Our new study has allowed us to confirm the results of our work at Concord. We have found that as temperatures warm, deciduous trees in eastern North America grow faster than native wildflowers.

temperature changes

For example, during cooler springs with average 24-hour temperatures in March and April of 41 degrees Fahrenheit (5 degrees Celsius), trees dropped their leaves 13 days later than native wildflowers. This gave the flowers nearly two weeks of full sun on the forest floor.

However, during warmer springs, with average temperatures of 58 F (15 C), the trees dropped their leaves only 10 days after the native wildflowers. This gave the wildflowers about 25% less time in full sun for photosynthesis.

As spring temperatures get even warmer with climate change, we expect wildflowers to have even shorter periods of full sun. This can mean a considerable decrease in energy supply and the ability of flowers to survive, grow and reproduce.

We also observed that trees and wildflowers in the warmer southern part of their range advanced their flowering and flowering times faster, respectively, than those in cooler northern regions. In these areas, we found larger temporal differences between trees and wildflowers.

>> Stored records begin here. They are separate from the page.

(* Let $\tau_0$ be the empty matching and for $n>0$ let $\tau_{2n-1}=\tau_{2n-2}(m+1)(m+1)$, where $m=|\tau_{2n-2}|$ (juxtaposition of $\tau_{2n-2}$ with a single edge), and $\tau_{2n}=1(\tau_{2n-1}+1)1$ (the lifting of $\tau_{2n-1}$). Let $f_{n,k}$ be the number of matchings with exactly $k$ edges in the interval $[11,\tau_n]$ of the matching pattern poset, and $f_n=|[11,\tau_n]|$. Then for $n>0$ and $0<k\leq n$: (i) $f_{n,k}=\sum_{i=0}^{n-k}\binom{k-1}{i}$; (ii) $f_{n}=\varphi_{n+2}-1$, where $\varphi_m$ is the $m$-th Fibonacci number ($\varphi_0=0,\varphi_1=\varphi_2=1$).
   Context: A matching of order $n$ is a partition of $[2n]$ into blocks (edges) of size two, identified with the word in $[n]^{2n}$ where both vertices of an edge carry the same letter and letters appear in increasing order of left vertices; $11$ is the matching with one edge. For a matching $\alpha$, $\alpha+1$ is its word with $1$ added to every letter, and words are concatenated. The matching pattern poset orders matchings by $\sigma\le\tau$ iff $\sigma$ is a pattern of $\tau$: with $|\sigma|=k$, there are $i_1<\dots<i_{2k}$ with $\{i_p,i_q\}\in\tau$ iff $\{p,q\}\in\sigma$. The interval $[11,\tau]$ is the set of matchings $\sigma$ with $11\le\sigma\le\tau$. *)

theory Defs
  imports Main "HOL-Number_Theory.Fib"
begin

text \<open>A matching of order n is encoded as its canonical word over letters 1..n:
  every letter occurs exactly twice, and letters are introduced in increasing order
  of left vertices (the first occurrence of a new letter is 1 + number of letters seen so far).\<close>
definition is_matching :: "nat list \<Rightarrow> bool" where
  "is_matching w \<longleftrightarrow>
     (\<forall>a \<in> set w. count_list w a = 2) \<and>
     (\<forall>p < length w. w ! p \<in> set (take p w) \<or> w ! p = card (set (take p w)) + 1)"
(* Let $\gamma_{ab}(q)$ be the kinetic metric on an $n$-dimensional configuration space with coordinates $q^a$, let $V(q)$ be a smooth potential and $E_0$ a constant, and consider the constrained system $$\ddot q^a=-\Gamma^a_{bc}\dot q^b\dot q^c-V^{,a},\qquad \tfrac12\gamma_{ab}\dot q^a\dot q^b+V=E_0 .$$ Then each of the following three types of quantities is a (quadratic) first integral of this constrained system: Integral 1. For an integer $\ell\ge 0$, $$I_{(\ell)1}=\Big(-\sum_{k=1}^{\ell}\frac{t^{2k}}{2k}L_{(2k-1)(a;b)}+C_{(0)ab}\Big)\dot q^a\dot q^b+\sum_{k=1}^{\ell}t^{2k-1}L_{(2k-1)a}\dot q^a+\sum_{k=1}^{\ell}\frac{t^{2k}}{2k}L_{(2k-1)a}V^{,a}+G(q),$$ where $C_{(0)ab}(q)$ is a second order CKT of $\gamma_{ab}$ with associated vector $X_{(0)a}(q)$, the $L_{(2k-1)a}(q)$ ($k=1,\dots,\ell$) are vector fields such that each $L_{(2k-1)(a;b)}$ is a second order CKT with associated vector $Y_{(2k-1)a}(q)$, and $$(L_{(2\ell-1)b}V^{,b})_{,a}=-2L_{(2\ell-1)(a;b)}V^{,b}-2(V-E_0)Y_{(2\ell-1)a},$$ $$(L_{(2k-1)b}V^{,b})_{,a}=-2L_{(2k-1)(a;b)}V^{,b}-2k(2k+1)L_{(2k+1)a}-2(V-E_0)Y_{(2k-1)a},\quad k=1,\dots,\ell-1,$$ $$G_{,a}=2C_{(0)ab}V^{,b}+2(V-E_0)X_{(0)a}-L_{(1)a},$$ where the term $L_{(1)a}$ in the last equation is present only when $\ell>0$ (for $\ell=0$ it is absent, and the first two families of conditions are void). Integral 2. For an integer $\ell\ge0$, $$I_{(\ell)2}=\sum_{k=0}^{\ell}\Big(-\frac{t^{2k+1}}{2k+1}L_{(2k)(a;b)}\dot q^a\dot q^b+t^{2k}L_{(2k)a}\dot q^a+\frac{t^{2k+1}}{2k+1}L_{(2k)a}V^{,a}\Big),$$ where the $L_{(2k)a}(q)$ ($k=0,\dots,\ell$) are vector fields such that each $L_{(2k)(a;b)}$ is a second order CKT with associated vector $Y_{(2k)a}(q)$, and $$(L_{(2\ell)b}V^{,b})_{,a}=-2L_{(2\ell)(a;b)}V^{,b}-2(V-E_0)Y_{(2\ell)a},$$ $$(L_{(2k)b}V^{,b})_{,a}=-2L_{(2k)(a;b)}V^{,b}-2(k+1)(2k+1)L_{(2k+2)a}-2(V-E_0)Y_{(2k)a},\quad k=0,\dots,\ell-1.$$ Integral 3. For a constant $\lambda\neq0$, $$I_{(e)}=e^{\lambda t}\big(-L_{(a;b)}\dot q^a\dot q^b+\lambda L_a\dot q^a+L_aV^{,a}\big),$$ where $L_a(q)$ is a vector field such that $L_{(a;b)}$ is a second order CKT with associated vector $Y_a(q)$, and $$(L_bV^{,b})_{,a}=-2L_{(a;b)}V^{,b}-\lambda^2L_a-2(V-E_0)Y_a.$$ (The paper asserts that these three types are the independent quadratic first integrals of the form $K_{ab}(t,q)\dot q^a\dot q^b+K_a(t,q)\dot q^a+K(t,q)$ of the constrained system.)
   Context: Coordinates $q^a$, $a=1,\dots,n$; $\gamma_{ab}(q)$ is a (possibly indefinite) non-degenerate metric, used to raise/lower indices; $\Gamma^a_{bc}$ are its Levi-Civita connection coefficients; a comma denotes partial derivative, a semicolon the Levi-Civita covariant derivative; dots denote $d/dt$; Einstein summation is used; round brackets denote symmetrization with weight $1/N!$, e.g. $L_{(a;b)}=\frac12(L_{a;b}+L_{b;a})$, and $V^{,a}=\gamma^{ab}V_{,b}$. A first integral of the constrained system is a function $I(t,q,\dot q)$ such that $\frac{dI}{dt}=0$ along every solution $q(t)$ of $\ddot q^a=-\Gamma^a_{bc}\dot q^b\dot q^c-V^{,a}$ which satisfies $\frac12\gamma_{ab}\dot q^a\dot q^b+V=E_0$. A symmetric tensor $U_{ab}$ is a second order conformal Killing tensor (CKT) of $\gamma_{ab}$ with associated vector $u_a$ if $U_{(ab;c)}=u_{(a}\gamma_{bc)}$; necessarily $u_a=\frac{1}{n+2}(U^b{}_{b;a}+2U^b{}_{a;b})$. If $u_a=0$ it is a Killing tensor (KT). *)

theory Defs
  imports "HOL-Analysis.Analysis"
begin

This means that the potential for phenological mismatch, where trees are more likely to shade out native wildflowers, is higher in the southeastern United States than in regions further north.

Parallels and Differences of Wildflowers on Other Continents

For another recent study, we collaborated with colleagues in China and Germany to assess over 5,000 tree and wildflower specimens collected over the past 120 years. We wanted to see if the phenological shifts we documented in North America could also be found in the temperate forests of eastern Asia and central Europe.

Our team found a common pattern across all three continents. Trees and wildflowers are active earlier than in the past, and earlier in warmer years and locations.

However, in a surprising twist, we didn’t see the pattern of North American trees being any more susceptible than wildflowers from the other two continents. In Europe, wildflowers and canopy trees seemed to change together over time. In Asia, understory wildflowers moved more than trees, meaning they could receive more light, not less, in a warmer future.

The differences we found between the three regions were mainly due to variation in tree sensitivity to temperature. Eastern North American trees reacted more strongly to temperature changes, while Asian trees reacted less strongly.

Inform forest management

Our results raise questions for future research. If spring temperatures are not the main clues determining flowering and flowering times for trees and wildflowers in East Asia, what are those clues? How does the shrinking window of spring sunlight for wildflowers in eastern North America affect their energy budgets and their ability to survive, grow and thrive?

Another question is whether there are any practical management techniques, such as thinning canopy trees or removing invasive plants, that can help wildflowers cope with the current challenges of climate change.

Such strategies could help people appreciate and conserve the full range of plants in the forests we depend on and cherish around the world.